United States v. Container Corporation of America

Mr. Justice Fortas,

concurring.

I join in the judgment and opinion of the Court. I do not understand the Court’s opinion to hold that the exchange of specific information among sellers as to prices *339charged to individual customers, pursuant to mutual arrangement, is a per se violation of the Sherman Act.

Absent per se violation, proof is essential that the practice resulted in an unreasonable restraint of trade. There is no single test to determine when the record adequately shows an “unreasonable restraint of trade”; but a practice such as that here involved, which is adopted for the purpose of arriving at a determination of prices to be quoted to individual customers, inevitably suggests the probability that it so materially interfered with the operation of the price mechanism of the marketplace as to bring it within the condemnation of this Court’s decisions. Cf. Sugar Institute v. United States, 297 U. S. 553 (1936); American Column & Lumber Co. v. United States, 257 U. S. 377 (1921).

Theoretical probability, however, is not enough unless we are to regard mere exchange of current price information as so akin to price-fixing by combination or conspiracy as to deserve the per se classification. I am not prepared to do this, nor is it necessary here. In this case, the probability that the exchange of specific price information led to an unlawful effect upon prices is adequately buttressed by evidence in the record. This evidence, although not overwhelming, is sufficient in the special circumstances of this case to show an actual effect on pricing and to compel us to hold that the court below erred in dismissing the Government’s complaint.

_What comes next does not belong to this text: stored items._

lemma (in prob_space) weak_conv_m_of_tendsto_prob_eq:
  fixes X :: "nat \<Rightarrow> 'a \<Rightarrow> nat" and p :: "nat pmf"
  assumes meas: "eventually (\<lambda>n. X n \<in> measurable M (count_space UNIV)) sequentially"
    and lim: "\<And>d. (\<lambda>n. prob {\<omega>\<in>space M. X n \<omega> = d}) \<longlonglongrightarrow> pmf p d"
  shows "weak_conv_m (\<lambda>n. distr M borel (\<lambda>\<omega>. real (X n \<omega>))) (distr (measure_pmf p) borel real)"
  unfolding weak_conv_m_def weak_conv_def
proof (intro allI impI)
  fix x :: real
  define S where "S = {d::nat. real d \<le> x}"
  have "S \<subseteq> {..nat \<lceil>x\<rceil>}"
    unfolding S_def by (auto simp: le_nat_iff le_ceiling_iff)
  then have S: "finite S"
    by (rule finite_subset) simp
  have cdf_X: "cdf (distr M borel (\<lambda>\<omega>. real (X n \<omega>))) x = (\<Sum>d\<in>S. prob {\<omega>\<in>space M. X n \<omega> = d})"
    if Xn: "X n \<in> measurable M (count_space UNIV)" for n
  proof -
    have "(\<lambda>\<omega>. real (X n \<omega>)) \<in> borel_measurable M"
      using measurable_compose[OF Xn, of real borel] by (simp add: o_def)
    then have "cdf (distr M borel (\<lambda>\<omega>. real (X n \<omega>))) x = prob {\<omega>\<in>space M. real (X n \<omega>) \<le> x}"
      unfolding cdf_def2 by (subst measure_distr) (auto intro: arg_cong[where f=prob])
    also have "{\<omega>\<in>space M. real (X n \<omega>) \<le> x} = (\<Union>d\<in>S. {\<omega>\<in>space M. X n \<omega> = d})"
      unfolding S_def by auto
    also have "prob \<dots> = (\<Sum>d\<in>S. prob {\<omega>\<in>space M. X n \<omega> = d})"
    proof (rule finite_measure_finite_Union[OF S])
      show "(\<lambda>d. {\<omega>\<in>space M. X n \<omega> = d}) ` S \<subseteq> events"
        using Xn by auto
    qed (auto simp: disjoint_family_on_def)
    finally show ?thesis .
  qed
  have cdf_p: "cdf (distr (measure_pmf p) borel real) x = (\<Sum>d\<in>S. pmf p d)"
  proof -
    have "cdf (distr (measure_pmf p) borel real) x = measure p (real -` {..x} \<inter> space (measure_pmf p))"
      unfolding cdf_def2 by (rule measure_distr) auto
    also have "real -` {..x} \<inter> space (measure_pmf p) = S"
      unfolding S_def by auto
    finally show ?thesis
      using S by (simp add: measure_measure_pmf_finite)
  qed
  have "(\<lambda>n. \<Sum>d\<in>S. prob {\<omega>\<in>space M. X n \<omega> = d}) \<longlonglongrightarrow> (\<Sum>d\<in>S. pmf p d)"
    by (intro tendsto_sum lim)
  moreover have "eventually (\<lambda>n. (\<Sum>d\<in>S. prob {\<omega>\<in>space M. X n \<omega> = d}) =
      cdf (distr M borel (\<lambda>\<omega>. real (X n \<omega>))) x) sequentially"
    using meas by eventually_elim (simp add: cdf_X)
  ultimately show "(\<lambda>n. cdf (distr M borel (\<lambda>\<omega>. real (X n \<omega>))) x) \<longlonglongrightarrow> cdf (distr (measure_pmf p) borel real) x"
    unfolding cdf_p by (rule Lim_transform_eventually)
qed

lemma pmf_embed_pmf_sums:
  fixes f :: "nat \<Rightarrow> real"
  assumes "\<And>d. f d \<ge> 0" and "f sums 1"
  shows "pmf (embed_pmf f) d = f d"
proof (rule pmf_embed_pmf)
  show "(\<integral>\<^sup>+x. ennreal (f x) \<partial>count_space UNIV) = 1"
    using suminf_ennreal_eq[OF assms] by (simp add: nn_integral_count_space_nat)
qed (use assms in simp)

lemma finite_nodes: "finite (nodes kn n)"
  and card_nodes: "card (nodes kn n) = kn n"
  by (simp_all add: nodes_def)

lemma deg_freq_eq_frequency:
  "deg_freq kn chi n d =
    (\<lambda>\<omega>. (\<Sum>k\<in>nodes kn n. if degree kn chi n k \<omega> = d then 1 else 0) / real (card (nodes kn n)))"
  unfolding deg_freq_def deg_count_def by (simp add: of_nat_sum if_distrib cong: if_cong)

lemma abs_deg_freq_le_1: "\<bar>deg_freq kn chi n d \<omega>\<bar> \<le> 1"
proof -
  have "deg_count kn chi n d \<omega> \<le> (\<Sum>k\<in>nodes kn n. 1)"
    unfolding deg_count_def by (rule sum_mono) auto
  then show ?thesis
    unfolding deg_freq_def by (cases "card (nodes kn n) = 0") (auto simp: field_simps)
qed

locale exchangeable_degrees = prob_space M for M :: "'a measure" +
  fixes kn :: "nat \<Rightarrow> nat" and chi :: "nat \<Rightarrow> nat \<Rightarrow> nat \<Rightarrow> 'a \<Rightarrow> bool"
  assumes kn_ge2: "\<And>n. n \<ge> 2 \<Longrightarrow> kn n \<ge> 2"
    and chi_rv: "\<And>n k l. n \<ge> 2 \<Longrightarrow> k \<in> nodes kn n \<Longrightarrow> l \<in> nodes kn n \<Longrightarrow>
      chi n k l \<in> measurable M (count_space UNIV)"
    and same_marg: "\<And>n k. n \<ge> 2 \<Longrightarrow> k \<in> nodes kn n \<Longrightarrow>
      distr M (count_space UNIV) (degree kn chi n k) = distr M (count_space UNIV) (degree kn chi n 1)"
    and same_joint: "\<And>n k l. n \<ge> 2 \<Longrightarrow> k \<in> nodes kn n \<Longrightarrow> l \<in> nodes kn n \<Longrightarrow> k \<noteq> l \<Longrightarrow>
      distr M (count_space UNIV) (\<lambda>\<omega>. (degree kn chi n k \<omega>, degree kn chi n l \<omega>)) =
      distr M (count_space UNIV) (\<lambda>\<omega>. (degree kn chi n 1 \<omega>, degree kn chi n 2 \<omega>))"
begin

lemma one_in_nodes: "n \<ge> 2 \<Longrightarrow> 1 \<in> nodes kn n"
  and two_in_nodes: "n \<ge> 2 \<Longrightarrow> 2 \<in> nodes kn n"
  using kn_ge2[of n] by (auto simp: nodes_def)

lemma degree_measurable:
  "n \<ge> 2 \<Longrightarrow> k \<in> nodes kn n \<Longrightarrow> degree kn chi n k \<in> measurable M (count_space UNIV)"
  by (intro measurable_degree chi_rv)

lemma degree_pair_measurable:
  assumes "n \<ge> 2" "k \<in> nodes kn n" "l \<in> nodes kn n"
  shows "(\<lambda>\<omega>. (degree kn chi n k \<omega>, degree kn chi n l \<omega>)) \<in> measurable M (count_space UNIV)"
  using measurable_Pair[OF degree_measurable[OF assms(1,2)] degree_measurable[OF assms(1,3)]]
  by (simp add: pair_measure_countable)

lemma prob_degree_eq:
  assumes "n \<ge> 2" "k \<in> nodes kn n"
  shows "prob {\<omega>\<in>space M. degree kn chi n k \<omega> = d} = prob {\<omega>\<in>space M. degree kn chi n 1 \<omega> = d}"
  using assms by (intro measure_eq_if_distr_eq same_marg degree_measurable one_in_nodes)

lemma prob_degree_pair_eq:
  assumes "n \<ge> 2" "k \<in> nodes kn n" "l \<in> nodes kn n" "k \<noteq> l"
  shows "prob {\<omega>\<in>space M. degree kn chi n k \<omega> = d \<and> degree kn chi n l \<omega> = d} =
    prob {\<omega>\<in>space M. degree kn chi n 1 \<omega> = d \<and> degree kn chi n 2 \<omega> = d}"
  using measure_eq_if_distr_eq[OF degree_pair_measurable[OF assms(1-3)]
      degree_pair_measurable[OF assms(1) one_in_nodes two_in_nodes] same_joint, of "(d, d)"] assms
  by simp

lemma deg_freq_measurable: "n \<ge> 2 \<Longrightarrow> deg_freq kn chi n d \<in> borel_measurable M"
  unfolding deg_freq_eq_frequency
  by (intro borel_measurable_divide borel_measurable_sum borel_measurable_const) (use degree_measurable in measurable)

lemma expectation_deg_freq:
  "n \<ge> 2 \<Longrightarrow> expectation (deg_freq kn chi n d) = prob {\<omega>\<in>space M. degree kn chi n 1 \<omega> = d}"
  unfolding deg_freq_eq_frequency
  by (intro expectation_empirical_frequency finite_nodes degree_measurable prob_degree_eq one_in_nodes)

lemma expectation_deg_freq_power2:
  "n \<ge> 2 \<Longrightarrow> expectation (\<lambda>\<omega>. (deg_freq kn chi n d \<omega>)\<^sup>2) =
    prob {\<omega>\<in>space M. degree kn chi n 1 \<omega> = d} / real (kn n) +
    (real (kn n) - 1) / real (kn n) * prob {\<omega>\<in>space M. degree kn chi n 1 \<omega> = d \<and> degree kn chi n 2 \<omega> = d}"
  unfolding deg_freq_eq_frequency card_nodes[symmetric]
  by (intro expectation_empirical_frequency_power2 finite_nodes one_in_nodes two_in_nodes degree_measurable
      prob_degree_eq prob_degree_pair_eq) auto

lemma covariance_degree_indicators:
  assumes "n \<ge> 2"
  shows "covariance M (\<lambda>\<omega>. if degree kn chi n 1 \<omega> = d then 1 else 0)
      (\<lambda>\<omega>. if degree kn chi n 2 \<omega> = d then 1 else 0) =
    prob {\<omega>\<in>space M. degree kn chi n 1 \<omega> = d \<and> degree kn chi n 2 \<omega> = d} -
    (prob {\<omega>\<in>space M. degree kn chi n 1 \<omega> = d})\<^sup>2"
proof -
  have ev: "{\<omega>\<in>space M. degree kn chi n k \<omega> = d} \<in> events" if "k \<in> nodes kn n" for k
    using degree_measurable[OF assms that] by measurable
  show ?thesis
    using covariance_pred_indicators[OF ev[OF one_in_nodes[OF assms]] ev[OF two_in_nodes[OF assms]]]
      prob_degree_eq[OF assms two_in_nodes[OF assms]]
    by (simp add: power2_eq_square)
qed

In summary, the record shows that the defendants sought and obtained from competitors who were part of the arrangement information about the competitors’ prices to specific customers. “[I]n the majority of instances,” the District Court found, 273 F. Supp. 18, 27, that once a defendant had this information he quoted substantially the same price as the competitor, although a higher or lower price would “occasionally” be quoted. Thus the exchange of prices made it possible for indi*340vidual defendants confidently to name a price equal to that which their competitors were asking. The obvious effect was to “stabilize” prices by joint arrangement — at least to limit any price cuts to the minimum necessary to meet competition. In addition, there was evidence that, in some instances, during periods when various defendants ceased exchanging prices exceptionally sharp and vigorous price reductions resulted.

On this record, taking into account the specially sensitive function of the price term in the antitrust equation, I cannot see that we would be justified in reaching any conclusion other than that defendants’ tacit agreement to exchange information about current prices to specific customers did in fact substantially limit the amount of price competition in the industry. That being so, there is no need to consider the possibility of a per se violation.